(Collected data entries)
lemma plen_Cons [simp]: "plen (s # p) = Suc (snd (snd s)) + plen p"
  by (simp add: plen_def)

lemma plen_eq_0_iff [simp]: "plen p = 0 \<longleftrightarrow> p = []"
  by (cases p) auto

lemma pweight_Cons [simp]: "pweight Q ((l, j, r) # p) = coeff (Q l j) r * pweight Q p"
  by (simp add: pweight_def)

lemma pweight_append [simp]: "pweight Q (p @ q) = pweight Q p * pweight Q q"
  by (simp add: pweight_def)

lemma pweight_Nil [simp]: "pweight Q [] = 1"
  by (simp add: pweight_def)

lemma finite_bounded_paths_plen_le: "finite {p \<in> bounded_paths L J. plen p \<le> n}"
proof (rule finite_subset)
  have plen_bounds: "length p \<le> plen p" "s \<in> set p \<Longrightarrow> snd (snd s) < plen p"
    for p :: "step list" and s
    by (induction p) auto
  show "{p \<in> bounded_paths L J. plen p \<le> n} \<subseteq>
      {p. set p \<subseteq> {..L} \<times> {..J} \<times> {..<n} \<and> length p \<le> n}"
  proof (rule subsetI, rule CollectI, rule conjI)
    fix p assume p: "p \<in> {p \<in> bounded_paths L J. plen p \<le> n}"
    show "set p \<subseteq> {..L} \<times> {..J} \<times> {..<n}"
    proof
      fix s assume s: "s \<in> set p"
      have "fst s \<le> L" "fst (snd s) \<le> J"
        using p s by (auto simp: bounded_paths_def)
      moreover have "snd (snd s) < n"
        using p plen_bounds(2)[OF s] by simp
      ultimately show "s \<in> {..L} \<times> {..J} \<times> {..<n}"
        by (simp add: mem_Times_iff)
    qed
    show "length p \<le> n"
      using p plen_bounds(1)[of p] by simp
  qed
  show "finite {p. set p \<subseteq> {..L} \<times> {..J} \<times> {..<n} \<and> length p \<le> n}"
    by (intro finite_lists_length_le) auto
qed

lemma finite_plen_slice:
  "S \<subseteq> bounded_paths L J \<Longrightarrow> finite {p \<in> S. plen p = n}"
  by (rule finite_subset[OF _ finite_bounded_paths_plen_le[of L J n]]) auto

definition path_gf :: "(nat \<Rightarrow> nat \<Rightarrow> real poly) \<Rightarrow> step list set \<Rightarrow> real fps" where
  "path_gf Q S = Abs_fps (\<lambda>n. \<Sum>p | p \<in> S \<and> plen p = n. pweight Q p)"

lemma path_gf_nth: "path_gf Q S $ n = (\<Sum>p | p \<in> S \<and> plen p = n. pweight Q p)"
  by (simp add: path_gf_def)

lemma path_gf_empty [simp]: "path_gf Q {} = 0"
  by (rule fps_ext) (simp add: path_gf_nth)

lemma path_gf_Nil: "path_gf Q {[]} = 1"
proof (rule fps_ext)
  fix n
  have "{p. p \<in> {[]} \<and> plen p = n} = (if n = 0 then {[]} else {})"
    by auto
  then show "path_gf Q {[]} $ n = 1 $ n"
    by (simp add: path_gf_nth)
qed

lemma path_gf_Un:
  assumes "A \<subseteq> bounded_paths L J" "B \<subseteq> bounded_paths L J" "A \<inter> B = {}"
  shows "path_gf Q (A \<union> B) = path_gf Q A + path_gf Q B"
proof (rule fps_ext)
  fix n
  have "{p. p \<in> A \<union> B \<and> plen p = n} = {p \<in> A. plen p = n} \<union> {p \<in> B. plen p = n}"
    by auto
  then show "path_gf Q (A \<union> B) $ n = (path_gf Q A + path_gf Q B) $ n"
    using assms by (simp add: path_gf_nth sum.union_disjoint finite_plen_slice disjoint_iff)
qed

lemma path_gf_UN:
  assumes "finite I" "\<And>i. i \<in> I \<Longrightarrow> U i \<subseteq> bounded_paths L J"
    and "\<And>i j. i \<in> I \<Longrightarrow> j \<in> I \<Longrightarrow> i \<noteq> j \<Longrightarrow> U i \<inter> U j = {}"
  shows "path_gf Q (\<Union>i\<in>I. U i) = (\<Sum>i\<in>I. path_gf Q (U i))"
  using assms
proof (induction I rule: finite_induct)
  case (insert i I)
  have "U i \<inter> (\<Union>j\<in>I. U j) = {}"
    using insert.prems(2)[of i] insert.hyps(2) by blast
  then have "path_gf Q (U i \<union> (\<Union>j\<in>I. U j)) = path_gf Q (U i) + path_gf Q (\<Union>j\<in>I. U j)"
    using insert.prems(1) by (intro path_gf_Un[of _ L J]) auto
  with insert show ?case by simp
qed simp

» **TO DO**
The records above should be given again in full, exactly as written.

» **SOLUTION FOR THIS PROBLEM**
lemma plen_Cons [simp]: "plen (s # p) = Suc (snd (snd s)) + plen p"
  by (simp add: plen_def)

lemma plen_eq_0_iff [simp]: "plen p = 0 \<longleftrightarrow> p = []"
  by (cases p) auto

lemma pweight_Cons [simp]: "pweight Q ((l, j, r) # p) = coeff (Q l j) r * pweight Q p"
  by (simp add: pweight_def)

lemma pweight_append [simp]: "pweight Q (p @ q) = pweight Q p * pweight Q q"
  by (simp add: pweight_def)

lemma pweight_Nil [simp]: "pweight Q [] = 1"
  by (simp add: pweight_def)

lemma finite_bounded_paths_plen_le: "finite {p \<in> bounded_paths L J. plen p \<le> n}"
proof (rule finite_subset)
  have plen_bounds: "length p \<le> plen p" "s \<in> set p \<Longrightarrow> snd (snd s) < plen p"
    for p :: "step list" and s
    by (induction p) auto
  show "{p \<in> bounded_paths L J. plen p \<le> n} \<subseteq>
      {p. set p \<subseteq> {..L} \<times> {..J} \<times> {..<n} \<and> length p \<le> n}"
  proof (rule subsetI, rule CollectI, rule conjI)
    fix p assume p: "p \<in> {p \<in> bounded_paths L J. plen p \<le> n}"
    show "set p \<subseteq> {..L} \<times> {..J} \<times> {..<n}"
    proof
      fix s assume s: "s \<in> set p"
      have "fst s \<le> L" "fst (snd s) \<le> J"
        using p s by (auto simp: bounded_paths_def)
      moreover have "snd (snd s) < n"
        using p plen_bounds(2)[OF s] by simp
      ultimately show "s \<in> {..L} \<times> {..J} \<times> {..<n}"
        by (simp add: mem_Times_iff)
    qed
    show "length p \<le> n"
      using p plen_bounds(1)[of p] by simp
  qed
  show "finite {p. set p \<subseteq> {..L} \<times> {..J} \<times> {..<n} \<and> length p \<le> n}"
    by (intro finite_lists_length_le) auto
qed

lemma finite_plen_slice:
  "S \<subseteq> bounded_paths L J \<Longrightarrow> finite {p \<in> S. plen p = n}"
  by (rule finite_subset[OF _ finite_bounded_paths_plen_le[of L J n]]) auto

definition path_gf :: "(nat \<Rightarrow> nat \<Rightarrow> real poly) \<Rightarrow> step list set \<Rightarrow> real fps" where
  "path_gf Q S = Abs_fps (\<lambda>n. \<Sum>p | p \<in> S \<and> plen p = n. pweight Q p)"

lemma path_gf_nth: "path_gf Q S $ n = (\<Sum>p | p \<in> S \<and> plen p = n. pweight Q p)"
  by (simp add: path_gf_def)

lemma path_gf_empty [simp]: "path_gf Q {} = 0"
  by (rule fps_ext) (simp add: path_gf_nth)

lemma path_gf_Nil: "path_gf Q {[]} = 1"
proof (rule fps_ext)
  fix n
  have "{p. p \<in> {[]} \<and> plen p = n} = (if n = 0 then {[]} else {})"
    by auto
  then show "path_gf Q {[]} $ n = 1 $ n"
    by (simp add: path_gf_nth)
qed

lemma path_gf_Un:
  assumes "A \<subseteq> bounded_paths L J" "B \<subseteq> bounded_paths L J" "A \<inter> B = {}"
  shows "path_gf Q (A \<union> B) = path_gf Q A + path_gf Q B"
proof (rule fps_ext)
  fix n
  have "{p. p \<in> A \<union> B \<and> plen p = n} = {p \<in> A. plen p = n} \<union> {p \<in> B. plen p = n}"
    by auto
  then show "path_gf Q (A \<union> B) $ n = (path_gf Q A + path_gf Q B) $ n"
    using assms by (simp add: path_gf_nth sum.union_disjoint finite_plen_slice disjoint_iff)
qed

lemma path_gf_UN:
  assumes "finite I" "\<And>i. i \<in> I \<Longrightarrow> U i \<subseteq> bounded_paths L J"
    and "\<And>i j. i \<in> I \<Longrightarrow> j \<in> I \<Longrightarrow> i \<noteq> j \<Longrightarrow> U i \<inter> U j = {}"
  shows "path_gf Q (\<Union>i\<in>I. U i) = (\<Sum>i\<in>I. path_gf Q (U i))"
  using assms
proof (induction I rule: finite_induct)
  case (insert i I)
  have "U i \<inter> (\<Union>j\<in>I. U j) = {}"
    using insert.prems(2)[of i] insert.hyps(2) by blast
  then have "path_gf Q (U i \<union> (\<Union>j\<in>I. U j)) = path_gf Q (U i) + path_gf Q (\<Union>j\<in>I. U j)"
    using insert.prems(1) by (intro path_gf_Un[of _ L J]) auto
  with insert show ?case by simp
qed simp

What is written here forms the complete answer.